lemma sum_final_obs_kernel:
  assumes "\<pi> \<in> policies A" "1 \<le> H"
  shows "(\<Sum>\<tau>\<in>trajs 2 A H. final_obs_kernel H q \<pi> \<tau> * g \<tau>)
       = q \<pi> * g (zero_traj H \<pi> 1) + (1 - q \<pi>) * g (zero_traj H \<pi> 0)"
proof -
  have "(\<Sum>\<tau>\<in>trajs 2 A H. final_obs_kernel H q \<pi> \<tau> * g \<tau>) = (\<Sum>\<tau>\<in>trajs 2 A H.
      (if zero_traj H \<pi> 1 = \<tau> then q \<pi> * g (zero_traj H \<pi> 1) else 0)
      + (if zero_traj H \<pi> 0 = \<tau> then (1 - q \<pi>) * g (zero_traj H \<pi> 0) else 0))"
    by (rule sum.cong) (auto simp: final_obs_kernel_def zero_traj_eq_iff)
  also have "\<dots> = q \<pi> * g (zero_traj H \<pi> 1) + (1 - q \<pi>) * g (zero_traj H \<pi> 0)"
    using zero_traj_in_trajs[OF assms(1) _ assms(2)] by (simp add: sum.distrib finite_trajs)
  finally show ?thesis .
qed

lemma traj_kernel_final_obs_kernel:
  assumes "\<And>\<pi>. 0 \<le> q \<pi> \<and> q \<pi> \<le> 1" "1 \<le> H"
  shows "traj_kernel A (trajs 2 A H) (final_obs_kernel H q)"
  unfolding traj_kernel_def
proof (intro conjI ballI finite_trajs)
  fix \<pi> assume \<pi>: "\<pi> \<in> policies A"
  show "sum (final_obs_kernel H q \<pi>) (trajs 2 A H) = 1"
    using sum_final_obs_kernel[OF \<pi> assms(2), of q "\<lambda>_. 1"] by simp
  fix \<tau> show "0 \<le> final_obs_kernel H q \<pi> \<tau>" using assms(1)[of \<pi>] by (simp add: final_obs_kernel_def)
qed

section \<open>The combination lock\<close>

definition lock_model :: "nat \<Rightarrow> real \<Rightarrow> nat list \<Rightarrow> model" where
  "lock_model H \<epsilon> code = \<lparr>init = (\<lambda>s. if s = 1 then 1 else 0),
    trans = (\<lambda>h s a s'. if s' = (if s = 1 \<and> a = code ! h then 1 else 0) then 1 else 0),
    obsk = (\<lambda>h s ob. if h < H - 1 then (if ob = 0 then 1 else 0)
       else if ob = 1 then (if s = 1 then 1/2 + \<epsilon> else 1/2 - \<epsilon>)
       else (if s = 1 then 1/2 - \<epsilon> else 1/2 + \<epsilon>))\<rparr>"

primrec lock_state :: "nat list \<Rightarrow> traj \<Rightarrow> nat \<Rightarrow> nat" where
  "lock_state code \<tau> 0 = 1"
| "lock_state code \<tau> (Suc h) = (if lock_state code \<tau> h = 1 \<and> snd (\<tau> ! h) = code ! h then 1 else 0)"

definition lock_success :: "nat \<Rightarrow> real \<Rightarrow> nat list \<Rightarrow> policy \<Rightarrow> real" where
  "lock_success H \<epsilon> code \<pi> = (if played_code H \<pi> = code then 1/2 + \<epsilon> else 1/2 - \<epsilon>)"

definition final_obs_reward :: "nat \<Rightarrow> nat \<Rightarrow> nat \<Rightarrow> nat \<Rightarrow> real" where
  "final_obs_reward H h ob a = (if h = H - 1 \<and> ob = 1 then 1 else 0)"

definition codes :: "nat \<Rightarrow> nat \<Rightarrow> nat list set" where
  "codes A H = {xs. set xs \<subseteq> {0..<A} \<and> length xs = H - 1}"

definition code_policy :: "nat \<Rightarrow> nat list \<Rightarrow> policy" where
  "code_policy H code = (\<lambda>hist ob. if length hist < H - 1 then code ! length hist else 0)"

lemma lock_state_less_2: "lock_state code \<tau> h < 2"
  by (cases h) auto

lemma lock_state_eq: "lock_state code \<tau> h = (if \<forall>i<h. snd (\<tau> ! i) = code ! i then 1 else 0)"
  by (induction h) (auto simp: less_Suc_eq)
lemma AE_inj_vec_nth: "AE y in lborel. inj (($) (y :: real^'l::finite))"
proof -
  have "negligible (\<Union>a. \<Union>b\<in>-{a}. {y :: real^'l. y $ a = y $ b})"
    by (intro negligible_Union finite_imageI) (auto intro: negligible_eq_coordinates)
  then show ?thesis
    by (rule AE_mp[OF AE_lborel_not_in_negligible]) (auto simp: inj_def)
qed

lemma tendsto_integral_step_fun:
  fixes G :: "nat \<Rightarrow> ('l::finite \<Rightarrow> nat) \<Rightarrow> real" and g :: "real^'l \<Rightarrow> real"
  assumes bounded: "\<forall>\<^sub>F n in sequentially. \<forall>q\<in>grid_points n. \<bar>G n q\<bar> \<le> K"
    and pointwise: "AE y in lborel. y \<in> box 0 1 \<longrightarrow> (\<lambda>n. G n (grid_index n y)) \<longlonglongrightarrow> g y"
    and g_meas: "g \<in> borel_measurable lborel"
    and g_outside: "\<And>y. y \<notin> cbox 0 1 \<Longrightarrow> g y = 0"
  shows "(\<lambda>n. \<integral>y. step_fun n (G n) y \<partial>lborel) \<longlonglongrightarrow> (\<integral>y. g y \<partial>lborel)"
proof -
  obtain N where N: "\<And>n. n \<ge> N \<Longrightarrow> 1 \<le> n \<and> (\<forall>q\<in>grid_points n. \<bar>G n q\<bar> \<le> K)"
    using eventually_conj[OF eventually_ge_at_top[of 1] bounded] by (auto simp: eventually_sequentially)
  have "(\<lambda>n. \<integral>y. step_fun (n + N) (G (n + N)) y \<partial>lborel) \<longlonglongrightarrow> (\<integral>y. g y \<partial>lborel)"
  proof (rule integral_dominated_convergence[where w = "\<lambda>y. K * indicator (cbox 0 1) y"])
    show "step_fun (n + N) (G (n + N)) \<in> borel_measurable lborel" for n
      by measurable
    show "integrable lborel (\<lambda>y::real^'l. K * indicator (cbox 0 1) y)"
      by (intro integrable_mult_right integrable_real_indicator emeasure_lborel_cbox_finite) simp
    show "AE y in lborel. norm (step_fun (n + N) (G (n + N)) y) \<le> K * indicator (cbox 0 1) y" for n
      unfolding real_norm_def by (intro AE_I2, rule abs_step_fun_le) (use N[of "n + N"] in auto)
    show "AE y in lborel. (\<lambda>n. step_fun (n + N) (G (n + N)) y) \<longlonglongrightarrow> g y"
      using pointwise AE_mem_box_of_mem_cbox[of 0 1]
    proof eventually_elim
      case (elim y)
      show ?case
      proof (cases "y \<in> box 0 1")
        case True
        then have "(\<lambda>n. G (n + N) (grid_index (n + N) y)) \<longlonglongrightarrow> g y"
          using elim LIMSEQ_ignore_initial_segment by blast
        then show ?thesis
          using step_fun_in_box[OF _ True] N by simp
      next
        case False
        with elim have "y \<notin> cbox 0 1" by blast
        then show ?thesis
          by (simp add: g_outside step_fun_outside_cbox)
      qed
    qed
  qed (fact g_meas)
  then show ?thesis
    by (rule LIMSEQ_offset)
qed
(* Let $(X,<)$ be a linearly ordered set. For all ultrafilters $u,v\in\beta X$: $$u\,\tilde<\,v \iff \mathrm{supp}(u)<\mathrm{supp}(v)\ \vee\ \mathrm{supp}(u)=\mathrm{supp}(v)=I_u=I_v,$$ $$u\,\tilde\le\,v \iff \mathrm{supp}(u)<\mathrm{supp}(v)\ \vee\ \mathrm{supp}(u)=\mathrm{supp}(v)=I_u=I_v\ \vee\ \exists x\in X\,(u=v=\tilde x),$$ $$u\,\tilde>\,v \iff \mathrm{supp}(u)>\mathrm{supp}(v)\ \vee\ \mathrm{supp}(u)=\mathrm{supp}(v)=J_u=J_v,$$ $$u\,\tilde\ge\,v \iff \mathrm{supp}(u)>\mathrm{supp}(v)\ \vee\ \mathrm{supp}(u)=\mathrm{supp}(v)=J_u=J_v\ \vee\ \exists x\in X\,(u=v=\tilde x).$$ Consequently, on non-principal ultrafilters, $\tilde<$ coincides with $\tilde\le$ and $\tilde>$ coincides with $\tilde\ge$.
   Context: $(X,<)$ is a linear order, $\le$ its reflexive version, $>$ and $\ge$ the converse relations. $\beta X$ is the set of all ultrafilters over $X$; $\tilde x=\{S\subseteq X:x\in S\}$ for $x\in X$. For a binary relation $R$ on $X$, its ultrafilter extension $\tilde R$ on $\beta X$ is defined by $u\,\tilde R\,v\iff\{x\in X:\{y\in X:x\,R\,y\}\in v\}\in u$. Initial segments are downward closed subsets, final segments upward closed subsets. $I_u=\bigcap\{I\in u: I\text{ initial segment}\}$, $J_u=\bigcap\{J\in u: J\text{ final segment}\}$. For non-principal $u$ exactly one of $I_u\in u$, $J_u\in u$ holds. Supports: if $u=\tilde x$ then $\mathrm{supp}(u)=\{x\}$ (a "point"); if $u$ is non-principal and $I_u\in u$ then $\mathrm{supp}(u)$ is $I_u$ regarded as a left half-cut (a nonempty initial segment with no greatest element); if $u$ is non-principal and $J_u\in u$ then $\mathrm{supp}(u)$ is $J_u$ regarded as a right half-cut (a nonempty final segment with no least element). Two supports are equal iff they are of the same kind (point/left/right) and equal as sets. The notation "$\mathrm{supp}(u)=I_u$" means "$u$ is non-principal and $I_u\in u$", and "$\mathrm{supp}(u)=J_u$" means "$u$ is non-principal and $J_u\in u$"; thus $\mathrm{supp}(u)=\mathrm{supp}(v)=I_u=I_v$ means both are non-principal, $I_u\in u$, $I_v\in v$ and $I_u=I_v$ (similarly for $J$). The natural linear order on supports (points $\{x\}$, left half-cuts $I$, right half-cuts $J$): $\{x\}<\{y\}$ iff $x<y$; $\{x\}<I$ iff $x\in I$, and $I<\{x\}$ iff $x\notin I$; $\{x\}<J$ iff $x\notin J$, and $J<\{x\}$ iff $x\in J$; $I<I'$ iff $I\subsetneq I'$; $J<J'$ iff $J\supsetneq J'$; $I<J$ iff $I\cap J=\emptyset$, and $J<I$ iff $I\cap J\neq\emptyset$. Write $\le$ for its reflexive version. *)

theory Defs
  imports Main
begin

text \<open>The linear order X is the universe of a type 'a of class linorder.
  Ultrafilters over X are represented as sets of subsets of UNIV.\<close>

definition is_ultrafilter :: "'a set set \<Rightarrow> bool" where
  "is_ultrafilter U \<longleftrightarrow>
     UNIV \<in> U \<and> {} \<notin> U \<and>
     (\<forall>S T. S \<in> U \<and> S \<subseteq> T \<longrightarrow> T \<in> U) \<and>
     (\<forall>S T. S \<in> U \<and> T \<in> U \<longrightarrow> S \<inter> T \<in> U) \<and>
     (\<forall>S. S \<in> U \<or> - S \<in> U)"

definition principal_uf :: "'a \<Rightarrow> 'a set set" where
  "principal_uf x = {S. x \<in> S}"

definition is_principal :: "'a set set \<Rightarrow> bool" where
  "is_principal u \<longleftrightarrow> (\<exists>x. u = principal_uf x)"

definition uf_ext :: "('a \<Rightarrow> 'a \<Rightarrow> bool) \<Rightarrow> 'a set set \<Rightarrow> 'a set set \<Rightarrow> bool" where
  "uf_ext R u v \<longleftrightarrow> {x. {y. R x y} \<in> v} \<in> u"

definition initial_seg :: "'a::linorder set \<Rightarrow> bool" where
  "initial_seg I \<longleftrightarrow> (\<forall>x y. y \<in> I \<and> x \<le> y \<longrightarrow> x \<in> I)"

---

• [Instructions for the task]
All lines of the entries containing the string "rule" must be shown in full.

• [Written solution]
    by (rule sum.cong) (auto simp: final_obs_kernel_def zero_traj_eq_iff)
    by (rule AE_mp[OF AE_lborel_not_in_negligible]) (auto simp: inj_def)
  proof (rule integral_dominated_convergence[where w = "\<lambda>y. K * indicator (cbox 0 1) y"])
      unfolding real_norm_def by (intro AE_I2, rule abs_step_fun_le) (use N[of "n + N"] in auto)
    by (rule LIMSEQ_offset)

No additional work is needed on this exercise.